All participants successfully completed both the training and assessment sessions with no discomfort. S10 had VTF placed on the less-affected forearm instead of the affected arm to complete the training because he could not perceive passive wrist movement of the affect side without vision. For the same reason S10 could not complete the JND test.
JND threshold as a marker of wrist proprioceptive acuity
Eleven of the twelve stroke participants completed the threshold testing across the three visits except S10. At pretest, mean JND was 1.8° [SD: 0.54°] for the stroke and 1.5° [0.46°] for the control group with seven stroke participants exhibiting a JND threshold higher than the median JND threshold of the control group (see Fig. 3a). At posttest, 8 out of 11 stroke participants (73 %) lowered their thresholds (see Fig. 3), which reduced the JND threshold at group level (mean: 1.4° [SD: 0.54°]). The 8 participants, who responded to somatosensory training, reduced their JND threshold between 9.3 and 47.0 % (mean: 30.2 %). Two participants showed a slight increase (2.5–6.6 %) in threshold, while one participant increased his threshold by 48 %. At retention, the reduction in JND threshold remained stable (mean: 1.3° [SD: 0.28°] for the stroke group), indicating that improvements in JND threshold persisted two days after the intervention. Mauchly’s Test of Sphericity indicated that the assumption of sphericity had been not violated (χ2(2) = 1.40, p = 0.497) and therefore no correction was used for 2 × 3 mixed ANOVA on JND. Aligned with the above observation, the analysis revealed a significant main effect of measurement time (F[2, 37] = 4.54, p = 0.017, ηp2 = 0.19) while indicating no group and time interaction (F[2, 37] = 1.74, p = 0.189, ηp2 = 0.08) and no main effect of group (F[1, 19] = 0.12, p = 0.736, ηp2 = 0.06). It suggested significant reduction in JND across measurement time for both groups. Trend analysis suggested a significant linear trend for the changes across measurement time (F[1, 19] = 6.60, p = 0.019, ηp2 = 0.26). A high pretest JND threshold was the strongest predictor of improvement in JND at posttest (r = − 0.71, p = 0.015) and at retention (r = − 0.80, p = 0.003; Fig. 3b).

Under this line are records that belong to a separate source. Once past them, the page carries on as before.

lemma preimage_unit_vec_nonzero:
  fixes \<psi> :: "'a::field \<Rightarrow> 'a list"
  assumes sf: "is_subfield K" and "u < m"
    and hom: "\<And>t z. t \<in> K \<Longrightarrow> \<psi> (t * z) = map ((*) t) (\<psi> z)"
    and w: "\<psi> w = unit_vec m u"
  shows "w \<noteq> 0"
proof
  assume "w = 0"
  have p0: "\<psi> 0 = map ((*) 0) (\<psi> 0)" using hom[OF subfield_zero[OF sf], of 0] by simp
  have "\<psi> 0 ! u = 0"
    using arg_cong[OF p0, of "\<lambda>x. x ! u"] \<open>u < m\<close> w \<open>w = 0\<close> by (simp add: unit_vec_def)
  then show False using \<open>u < m\<close> w \<open>w = 0\<close> by (simp add: unit_vec_def)
qed

lemma supported_on_homogeneous_image:
  fixes \<psi> :: "'a::field \<Rightarrow> 'a list"
  assumes sf: "is_subfield K" and u: "u < m"
    and \<psi>: "\<And>z. \<psi> z \<in> Kvecs K m" and inj: "inj \<psi>"
    and hom: "\<And>t z. t \<in> K \<Longrightarrow> \<psi> (t * z) = map ((*) t) (\<psi> z)"
    and w: "\<psi> w = unit_vec m u"
  shows "supported_on m u (\<psi> z) \<longleftrightarrow> z / w \<in> K"
    and "supported_on m u (\<psi> z) \<Longrightarrow> \<psi> z ! u = z / w"
proof -
  have w0: "w \<noteq> 0" using preimage_unit_vec_nonzero[OF sf u hom w] .
  have line: "\<psi> (t * w) = map ((*) t) (unit_vec m u)" if "t \<in> K" for t
    using hom[OF that] w by simp
  have "z / w \<in> K \<and> \<psi> z ! u = z / w" if "supported_on m u (\<psi> z)"
  proof -
    have "\<psi> z = \<psi> (\<psi> z ! u * w)"
      using that \<psi>[of z] u line[of "\<psi> z ! u"]
      by (simp add: supported_on_iff_scaled_unit_vec Kvecs_iff)
    then have "z / w = \<psi> z ! u" using inj w0 by (simp add: inj_eq field_simps)
    then show ?thesis using \<psi>[of z] u by (simp add: Kvecs_iff)
  qed
  moreover have "supported_on m u (\<psi> z)" if "z / w \<in> K"
    using line[OF that] w0 u by (simp add: supported_on_def unit_vec_def)
  ultimately show "supported_on m u (\<psi> z) \<longleftrightarrow> z / w \<in> K"
    and "supported_on m u (\<psi> z) \<Longrightarrow> \<psi> z ! u = z / w" by blast+
qed

definition selected_evaluations :: "nat \<Rightarrow> nat \<Rightarrow> (nat \<Rightarrow> nat) \<Rightarrow>
    (nat \<Rightarrow> 'a::comm_ring_1 \<Rightarrow> 'a list) \<Rightarrow> (nat \<Rightarrow> 'a) \<Rightarrow> nat \<Rightarrow> 'a list set"
  where "selected_evaluations n m u \<psi> p k =
    {map (\<lambda>j. \<psi> j (poly g (p j)) ! u j) [0..<n] | g. degree g < k \<and>
       (\<forall>j<n. supported_on m (u j) (\<psi> j (poly g (p j))))}"

lemma S_u_mon_Im_q_RS:
  assumes a: "length a = n" and \<pi>: "\<pi> permutes {0..<n}"
  shows "S_u n m u (mon n f \<pi> (Im_q K B (RS a k))) =
    selected_evaluations n m u (\<lambda>j z. f (inv \<pi> j) (phi K B z)) (\<lambda>j. a ! inv \<pi> j) k"
proof -
  define X where "X g = map (\<lambda>j. f (inv \<pi> j) (phi K B (poly g (a ! inv \<pi> j)))) [0..<n]" for g
  have inv_\<pi>: "inv \<pi> j < n" if "j < n" for j
    using permutes_in_image[OF permutes_inv[OF \<pi>]] that by simp
  have RS_image: "RS a k = (\<lambda>g. map (poly g) a) ` {g. degree g < k}"
    by (auto simp: RS_def)
  have Im_q_image: "Im_q K B C = map (phi K B) ` C" for C
    by (auto simp: Im_q_def)
  have mon_image: "mon n f \<pi> Y = (\<lambda>y. map (\<lambda>j. f (inv \<pi> j) (y ! inv \<pi> j)) [0..<n]) ` Y"
    for Y by (auto simp: mon_def)
  have mon: "mon n f \<pi> (Im_q K B (RS a k)) = X ` {g. degree g < k}"
    unfolding RS_image Im_q_image mon_image image_image X_def
    using a inv_\<pi> by (intro image_cong) simp_all
  have X_nth: "X g ! j = f (inv \<pi> j) (phi K B (poly g (a ! inv \<pi> j)))" if "j < n" for g j
    using that by (simp add: X_def)
  show ?thesis
  proof (intro set_eqI iffI)
    fix c assume "c \<in> S_u n m u (mon n f \<pi> (Im_q K B (RS a k)))"
    then obtain g where "degree g < k" "c = map (\<lambda>j. X g ! j ! u j) [0..<n]"
      and "\<forall>j<n. supported_on m (u j) (X g ! j)"
      unfolding S_u_def mon supported_on_def by blast
    then show "c \<in> selected_evaluations n m u (\<lambda>j z. f (inv \<pi> j) (phi K B z))
        (\<lambda>j. a ! inv \<pi> j) k"
      by (auto simp: selected_evaluations_def X_nth)
  next
    fix c assume "c \<in> selected_evaluations n m u (\<lambda>j z. f (inv \<pi> j) (phi K B z))
        (\<lambda>j. a ! inv \<pi> j) k"
    then obtain g where "degree g < k" "c = map (\<lambda>j. X g ! j ! u j) [0..<n]"
      and "\<forall>j<n. supported_on m (u j) (X g ! j)"
      by (auto simp: selected_evaluations_def X_nth)
    then show "c \<in> S_u n m u (mon n f \<pi> (Im_q K B (RS a k)))"
      unfolding S_u_def mon supported_on_def by blast
  qed
qed

lemma selected_evaluations_eq_alternant:
  assumes sel: "\<And>j z. j < n \<Longrightarrow> supported_on m (u j) (\<psi> j z) \<longleftrightarrow> z / w j \<in> K"
    and coord: "\<And>j z. j < n \<Longrightarrow> supported_on m (u j) (\<psi> j z) \<Longrightarrow> \<psi> j z ! u j = z / w j"
  shows "selected_evaluations n m u \<psi> p k =
         alternant K (GRS (map p [0..<n]) (map (\<lambda>j. inverse (w j)) [0..<n]) k)"
proof -
  have GRS_word: "map2 (*) (map (\<lambda>j. inverse (w j)) [0..<n]) (map (poly g) (map p [0..<n])) =
      map (\<lambda>j. poly g (p j) / w j) [0..<n]" for g
    by (intro nth_equalityI) (simp_all add: divide_inverse mult.commute)
  have selected_word:
    "map (\<lambda>j. \<psi> j (poly g (p j)) ! u j) [0..<n] = map (\<lambda>j. poly g (p j) / w j) [0..<n]"
    if "\<forall>j<n. supported_on m (u j) (\<psi> j (poly g (p j)))" for g
    using that coord by simp
  show ?thesis
  proof (intro set_eqI iffI)
    fix c assume "c \<in> selected_evaluations n m u \<psi> p k"
    then obtain g where "degree g < k" "\<forall>j<n. supported_on m (u j) (\<psi> j (poly g (p j)))"
      and "c = map (\<lambda>j. poly g (p j) / w j) [0..<n]"
      using selected_word unfolding selected_evaluations_def by blast
    then show "c \<in> alternant K (GRS (map p [0..<n]) (map (\<lambda>j. inverse (w j)) [0..<n]) k)"
      unfolding alternant_def GRS_def GRS_word using sel by (auto simp: set_conv_nth)
  next
    fix c assume "c \<in> alternant K (GRS (map p [0..<n]) (map (\<lambda>j. inverse (w j)) [0..<n]) k)"
    then obtain g where g: "degree g < k" and c: "c = map (\<lambda>j. poly g (p j) / w j) [0..<n]"
      and "set c \<subseteq> K"
      unfolding alternant_def GRS_def GRS_word by blast
    then have supported: "\<forall>j<n. supported_on m (u j) (\<psi> j (poly g (p j)))"
      using sel by auto
    then have "c = map (\<lambda>j. \<psi> j (poly g (p j)) ! u j) [0..<n]"
      using selected_word c by simp
    then show "c \<in> selected_evaluations n m u \<psi> p k"
      using g supported unfolding selected_evaluations_def by blast
  qed
qed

Wrist tracing accuracy as a marker of untrained visuomotor performance
At pretest, the stroke group exhibited significantly higher tracing errors when tracing the triangle (U = 17, p = 0.005), figure-of-eight (U = 22, p = 0.012) and ellipse (U = 22, p = 0.012) compared to the control group. At posttest, participants of the stroke group showed 22 % reduction in tracing error on average compared to pretest. However the observed reduction did not achieve statistical significance as indicated by Friedman’s tests (χ2(2) = 0.30–3.17, p values = 0.205–0.407 for the stroke group; χ2(2) = 1.80–5.00, p values = 0.082–0.407 for the control group). Effect sizes indicated by Kendall’s w ranged from 0.01 to 0.13 for the stroke group and 0.09–0.25 for the non-stroke group, indicating low to medium effects. Vertical line and triangle tracing exhibited the highest effect size in the stroke group (Fig. 4b). Pretest tracing error of the ellipse correlated significantly with JND threshold at pretest (rs = − 0.62, p = 0.043) among the stroke group, indicating association between proprioceptive acuity and motor tracing performance.

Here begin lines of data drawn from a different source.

(* For $j,k\in\mathbb{N}$ define $D_{j,k}:[0,\infty)\to\{0,1,\dots,2^k-1\}$ by $D_{j,k}(x):=\lfloor2^{j+k}x\rfloor\bmod 2^k$. Let $(\zeta_n)_{n\in\mathbb{N}}$ be i.i.d. random variables taking values in $\mathbb{N}=\{0,1,2,\dots\}$ such that $\mathbf{P}(\zeta_0=i)>0$ for all $i\in\mathbb{N}$, and assume that $\widehat S:=\sum_{n=0}^\infty\zeta_n2^{-n}$ converges almost surely. Then for every positive integer $k$ and every $\ell\in\{0,1,\dots,2^k-1\}$, almost surely $$\lim_{n\to\infty}\frac1n\sum_{j=0}^{n-1}\mathbf{1}_{\{D_{j,k}(\widehat S)=\ell\}}=\mathbf{P}\big(D_{0,k}(\widehat S)=\ell\big).$$ *)

theory Defs
  imports "HOL-Probability.Probability"
begin

definition D :: "nat \<Rightarrow> nat \<Rightarrow> real \<Rightarrow> nat" where
  "D j k x = nat \<lfloor>2 ^ (j + k) * x\<rfloor> mod 2 ^ k"

definition Shat :: "(nat \<Rightarrow> 'a \<Rightarrow> nat) \<Rightarrow> 'a \<Rightarrow> real" where
  "Shat \<zeta> \<omega> = (\<Sum>n. real (\<zeta> n \<omega>) / 2 ^ n)"

end

(* Write w for the sequence (zeta_n)_n. Since 2^j * Shat(w) differs from Shat of the shifted
   sequence (zeta_(j+n))_n by an integer, D_{j,k}(Shat) is D_{0,k} o Shat evaluated at the j-th
   shift of w, and the claim is Birkhoff's ergodic theorem for the Bernoulli shift, applied to the
   indicator of {D_{0,k} o Shat = l}. For a bounded observable Phi the limsup of the Cesaro
   averages of Phi along the shift orbit is a shift-invariant function, hence almost surely
   constant by Kolmogorov's 0-1 law. Integrating a greedy covering of [0, L) by blocks of
   average at least t gives the maximal ergodic inequality, which forces that constant to be at
   most E Phi; the same bound for B - Phi gives the matching lower bound. *)

theory Submission
  imports Defs
begin

lemma sum_lessThan_add:
  fixes f :: "nat \<Rightarrow> 'a::comm_monoid_add"
  shows "(\<Sum>j<m + n. f j) = (\<Sum>j<m. f j) + (\<Sum>j<n. f (m + j))"
  by (induction n) (simp_all add: ac_simps)

definition cesaro_mean :: "(nat \<Rightarrow> real) \<Rightarrow> nat \<Rightarrow> real" where
  "cesaro_mean x n = (\<Sum>j<n. x j) / real n"

lemma cesaro_mean_const_add:
  "n > 0 \<Longrightarrow> cesaro_mean (\<lambda>j. c + x j) n = c + cesaro_mean x n"
  by (simp add: cesaro_mean_def sum.distrib field_simps)

lemma cesaro_mean_const_diff:
  "n > 0 \<Longrightarrow> cesaro_mean (\<lambda>j. c - x j) n = c - cesaro_mean x n"
  by (simp add: cesaro_mean_def sum_subtractf field_simps)

lemma cesaro_mean_shift_diff_tendsto_0:
  assumes bound: "\<And>j. \<bar>x j\<bar> \<le> B"
  shows "(\<lambda>n. cesaro_mean x (n + m) - cesaro_mean (\<lambda>j. x (m + j)) n) \<longlonglongrightarrow> 0"
proof (rule Lim_null_comparison)
  define C where "C = \<bar>\<Sum>j<m. x j\<bar> + real m * B"
  show "\<forall>\<^sub>F n in sequentially.
          norm (cesaro_mean x (n + m) - cesaro_mean (\<lambda>j. x (m + j)) n) \<le> C / real (n + m)"
  proof (intro eventuallyI)
    fix n
    define T where "T = (\<Sum>j<n. x (m + j))"
    have "\<bar>T\<bar> \<le> (\<Sum>j<n. \<bar>x (m + j)\<bar>)"
      unfolding T_def by (rule sum_abs)
    also have "\<dots> \<le> real n * B"
      using sum_bounded_above[of "{..<n}" "\<lambda>j. \<bar>x (m + j)\<bar>" B] bound by simp
    finally have T: "\<bar>T\<bar> \<le> real n * B" .
    have "(\<Sum>j<n + m. x j) = (\<Sum>j<m. x j) + T"
      unfolding T_def by (simp add: sum_lessThan_add add.commute)
    then have "cesaro_mean x (n + m) - cesaro_mean (\<lambda>j. x (m + j)) n
               = ((\<Sum>j<m. x j) - real m * (T / real n)) / real (n + m)"
      by (cases "n = 0") (auto simp: cesaro_mean_def T_def field_simps)
    moreover have "\<bar>real m * (T / real n)\<bar> \<le> real m * B"
    proof (cases "n = 0")
      case False
      then have "\<bar>T / real n\<bar> \<le> B"
        using T by (simp add: divide_le_eq mult.commute)
      then show ?thesis by (simp add: abs_mult mult_left_mono del: times_divide_eq_right)
    qed (use bound[of 0] in simp)
    then have "\<bar>(\<Sum>j<m. x j) - real m * (T / real n)\<bar> \<le> C"
      unfolding C_def by (rule order_trans[OF abs_triangle_ineq4 add_left_mono])
    ultimately show "norm (cesaro_mean x (n + m) - cesaro_mean (\<lambda>j. x (m + j)) n) \<le> C / real (n + m)"
      by (simp add: divide_right_mono)
  qed
  show "(\<lambda>n. C / real (n + m)) \<longlonglongrightarrow> 0"
    using LIMSEQ_ignore_initial_segment[OF lim_const_over_n[of C], of m] by simp
qed

lemma limsup_cesaro_mean_shift:
  assumes "\<And>j. \<bar>x j\<bar> \<le> B"
  shows "limsup (\<lambda>n. ereal (cesaro_mean (\<lambda>j. x (m + j)) n)) = limsup (\<lambda>n. ereal (cesaro_mean x n))"
proof -
  have "(\<lambda>n. ereal (cesaro_mean x (n + m) - cesaro_mean (\<lambda>j. x (m + j)) n)) \<longlonglongrightarrow> 0"
    using cesaro_mean_shift_diff_tendsto_0[OF assms] by (simp add: zero_ereal_def)
  from ereal_limsup_lim_add[OF this, of "\<lambda>n. ereal (cesaro_mean (\<lambda>j. x (m + j)) n)"]
  have "limsup (\<lambda>n. ereal (cesaro_mean x (n + m)))
        = limsup (\<lambda>n. ereal (cesaro_mean (\<lambda>j. x (m + j)) n))"
    by simp
  then show ?thesis
    using limsup_shift_k[of "\<lambda>n. ereal (cesaro_mean x n)" m] by simp
qed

SEP as a marker of somatosensory processing
SEP waveforms were obtained from FC1 for optimal observation of the N30 waveform for the nine stroke participants and seven control participants who completed the SEP test. The remaining participants declined due to time pressure and fatigue as SEP was conducted last. At pretest, participants with stroke showed a significantly reduced P27-N30 peak-to-peak amplitude (median: 2.07 µV [IQR: 2.94 µV]) when compared to controls (4.47 µV [3.84 µV], U = 11, p = 0.03; Fig. 5a, c). After training, median P27-N30 peak-to-peak amplitude for the stroke group increased from 2.07 µV (2.94 µV) at pretest to 2.29 µV (1.92 µV) at posttest and to 2.87 µV (1.73 µV) at retention (40 % increase) but this increase failed to reach statistical significance at group level (χ2(2) = 2.00, p = 0.37, w = 0.11). In contrast of the significant group difference of P27-N30 peak-to-peak amplitude, N30 latency of six in nine stroke participants were within the range of the control group. After training, median N30 latency of both groups did not change at posttest (stroke: 39 ms [10 ms]; control: 32 ms [7 ms]) and retention (stroke: 39 ms [12 ms]; control: 32 ms [5 ms]) compared to pretest (stroke: 39 ms [9.5 ms]; control: 32 ms [7 ms]). This was confirmed by Friedman’s tests (stroke: χ2(2) = 0.58, p = 0.75, w = 0.03; control: χ2(2) = 1.08, p = 0.58, w = 0.08). Further subgroup analysis found that at pretest four of the five stroke participants with more affected proprioceptive acuity (S05, S06, S08, S14; JND threshold > = 1.8°) showed delayed latency of either N30 or P45 component. In this subgroup, a longer P45 peak latency was correlated with a higher JND threshold at pretest (rs = 0.66, p < 0.05; Fig. 5b for example).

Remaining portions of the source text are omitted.